Consider the following numbers:

$$19=10011_b, 12.75=1100.11_b, 7.125=111.001_b$$

What is the minimum number of bits necessary to represent the above three numbers precisely?

A system like the IEEE floating point standard should look like

$$\pm1.b_1\dots b_5 \times 2^p$$

where $2\le p\le 4$ so that there is one sign bit, one "free" bit (the leading $1$), and five bits for $b_1\dots b_5$. Then we need eight values for $p$, so that gives additional three bits. So does this mean that to represent the above numbers one would need at least a 9-bit floating point system? I think it's somewhat dubious, seems like too many bits would be needed for these simple numbers.
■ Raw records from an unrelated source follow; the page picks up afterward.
lemma switch_set_meets_W_once: "\<exists>a. switch_set x y \<inter> W = {a}"
proof (cases x y rule: switch_set_cases)
  case (pair a)
  then show ?thesis
    using p_mem[OF pair(1)] by auto
qed (use w0_in_W in auto)

lemma differ_once_toggle:
  assumes "u \<in> S \<longleftrightarrow> p u \<in> S"
  shows "differ_once x (toggle S y) u = differ_once x y u"
  using assms by (auto simp: differ_once_def toggle_def)

lemma switch_set_switch: "switch_set x (switch x y) = switch_set x y"
proof -
  have "u \<in> W - {w0} \<and> differ_once x (switch x y) u \<longleftrightarrow> u \<in> W - {w0} \<and> differ_once x y u" for u
    using differ_once_toggle[OF switch_set_respects_pairs] by (auto simp: switch_def)
  then show ?thesis
    unfolding switch_set_def by (simp only: Bex_def)
qed

lemma switch_switch: "switch x (switch x y) = y"
  by (simp add: switch_def[of x "switch x y"] switch_set_switch) (simp add: switch_def)

lemma switch_in_vertices: "y \<in> hypercube_vertices n \<Longrightarrow> switch x y \<in> hypercube_vertices n"
  by (simp add: switch_def switch_set_subset toggle_in_vertices)

lemma parity_switch: "parity W (switch x y) = (\<not> parity W y)"
proof -
  obtain a where "switch_set x y \<inter> W = {a}"
    using switch_set_meets_W_once by blast
  then show ?thesis
    unfolding switch_def by (rule parity_toggle_single[OF finite_W])
qed

lemma hamming_dist_switch_div2:
  "hamming_dist n x (switch x y) div 2 = hamming_dist n x y div 2"
proof -
  define e where "e z i = (of_bool (x i \<noteq> z i) :: nat)" for z i
  have dist: "hamming_dist n x z = e z w0 + (\<Sum>u\<in>W - {w0}. e z u + e z (p u))" for z
    unfolding hamming_dist_eq_sum e_def by (rule sum_lessThan_eq_pairs)
  show ?thesis
  proof (cases x y rule: switch_set_cases)
    case (pair a)
    have "e (switch x y) u + e (switch x y) (p u) = e y u + e y (p u)" if u: "u \<in> W - {w0}" for u
    proof (cases "u = a")
      case True
      then show ?thesis
        using pair(2,3) by (auto simp: e_def switch_def toggle_def differ_once_def)
    next
      case False
      then have "u \<notin> switch_set x y" "p u \<notin> switch_set x y"
        using pair(1,3) u p_mem[OF u] p_mem[OF pair(1)] p_eq_iff[OF u pair(1)] by auto
      then show ?thesis
        by (simp add: e_def switch_def toggle_def)
    qed
    moreover have "e (switch x y) w0 = e y w0"
      using pair(1,3) p_mem[OF pair(1)] w0_in_W by (auto simp: e_def switch_def toggle_def)
    ultimately show ?thesis
      by (simp add: dist)
  next
    case single
    define R where "R = (\<Sum>u\<in>W - {w0}. e y u)"
    have "e (switch x y) u + e (switch x y) (p u) = 2 * e y u"
      and "e y (p u) = e y u" if u: "u \<in> W - {w0}" for u
      using single u p_mem[OF u] w0_in_W
      by (auto simp: e_def switch_def toggle_def differ_once_def)
    then have "hamming_dist n x (switch x y) = e (switch x y) w0 + 2 * R"
      and "hamming_dist n x y = e y w0 + 2 * R"
      by (simp_all add: dist R_def sum_distrib_left sum.distrib mult_2)
    then show ?thesis
      by (simp add: e_def)
  qed
qed

lemma twice_card_parity_dist_nbhd:
  assumes odd_W: "odd (card W)" and x: "x \<in> hypercube_vertices n"
    and Da: "\<And>d d'. d \<in> Da \<Longrightarrow> d' div 2 = d div 2 \<Longrightarrow> d' \<in> Da"
    and Db: "\<And>d. d \<in> Db \<Longrightarrow> n - d \<in> Db"
    and disjoint: "Da \<inter> Db = {}"
  shows "2 * card {y \<in> dist_nbhd n (Da \<union> Db) x. parity W y} = card (dist_nbhd n (Da \<union> Db) x)"
proof -
  let ?N = "dist_nbhd n (Da \<union> Db) x"
  define \<sigma> where
    "\<sigma> y = (if hamming_dist n x y \<in> Db then cube_complement n y else switch x y)" for y
  have "finite ?N"
    using finite_hypercube_vertices by (simp add: dist_nbhd_def)
  moreover have "\<sigma> y \<in> ?N \<and> \<sigma> (\<sigma> y) = y \<and> (parity W (\<sigma> y) \<longleftrightarrow> \<not> parity W y)"
    if y: "y \<in> ?N" for y
  proof (cases "hamming_dist n x y \<in> Db")
    case True
    then have "hamming_dist n x (cube_complement n y) \<in> Db"
      using Db by (simp add: hamming_dist_complement)
    then show ?thesis
      using True y
      by (simp add: \<sigma>_def dist_nbhd_def cube_complement_in_vertices cube_complement_complement
          parity_complement[OF W_subset odd_W])
  next
    case False
    then have "hamming_dist n x y \<in> Da"
      using y by (simp add: dist_nbhd_def)
    then have "hamming_dist n x (switch x y) \<in> Da"
      using Da hamming_dist_switch_div2 by blast
    moreover have "hamming_dist n x (switch x y) \<notin> Db"
      using calculation disjoint by blast
    ultimately show ?thesis
      using False y
      by (simp add: \<sigma>_def dist_nbhd_def switch_in_vertices switch_switch parity_switch)
  qed
  ultimately show ?thesis
    by (rule twice_card_eq_if_involution_negates)
qed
Where's my mistake?

Best Answer

The answer depends on what you want to represent and the data format.

  • To represent them precisely requires zero bits, under the data format that "this format represents 19, 12.75, and 7.125".

  • If you need a that contains a value that is one of these three numbers, then two bits is enough, using the data format "00 means 19, 01 means 12.75, and 10 means 7.125".

  • If you need an array of five such values, you can make do with 8 bits, by reinterpreting the entries as a base-3 numeral for a number $0 \leq n < 243$, which can be stored in binary using 8 bits.

  • If you need a IEEE-like floating point format capable of exactly representing these three values under the usual interpretation of such formats, then you actually need 10 bits: you forgot the sign bit for the exponent.

  • You could modify the IEEE-format in various ways as well. For example, you might choose a format where "the sign is always positive and the exponents are always in the range $1 \leq e \leq 4$". Then seven bits would suffice.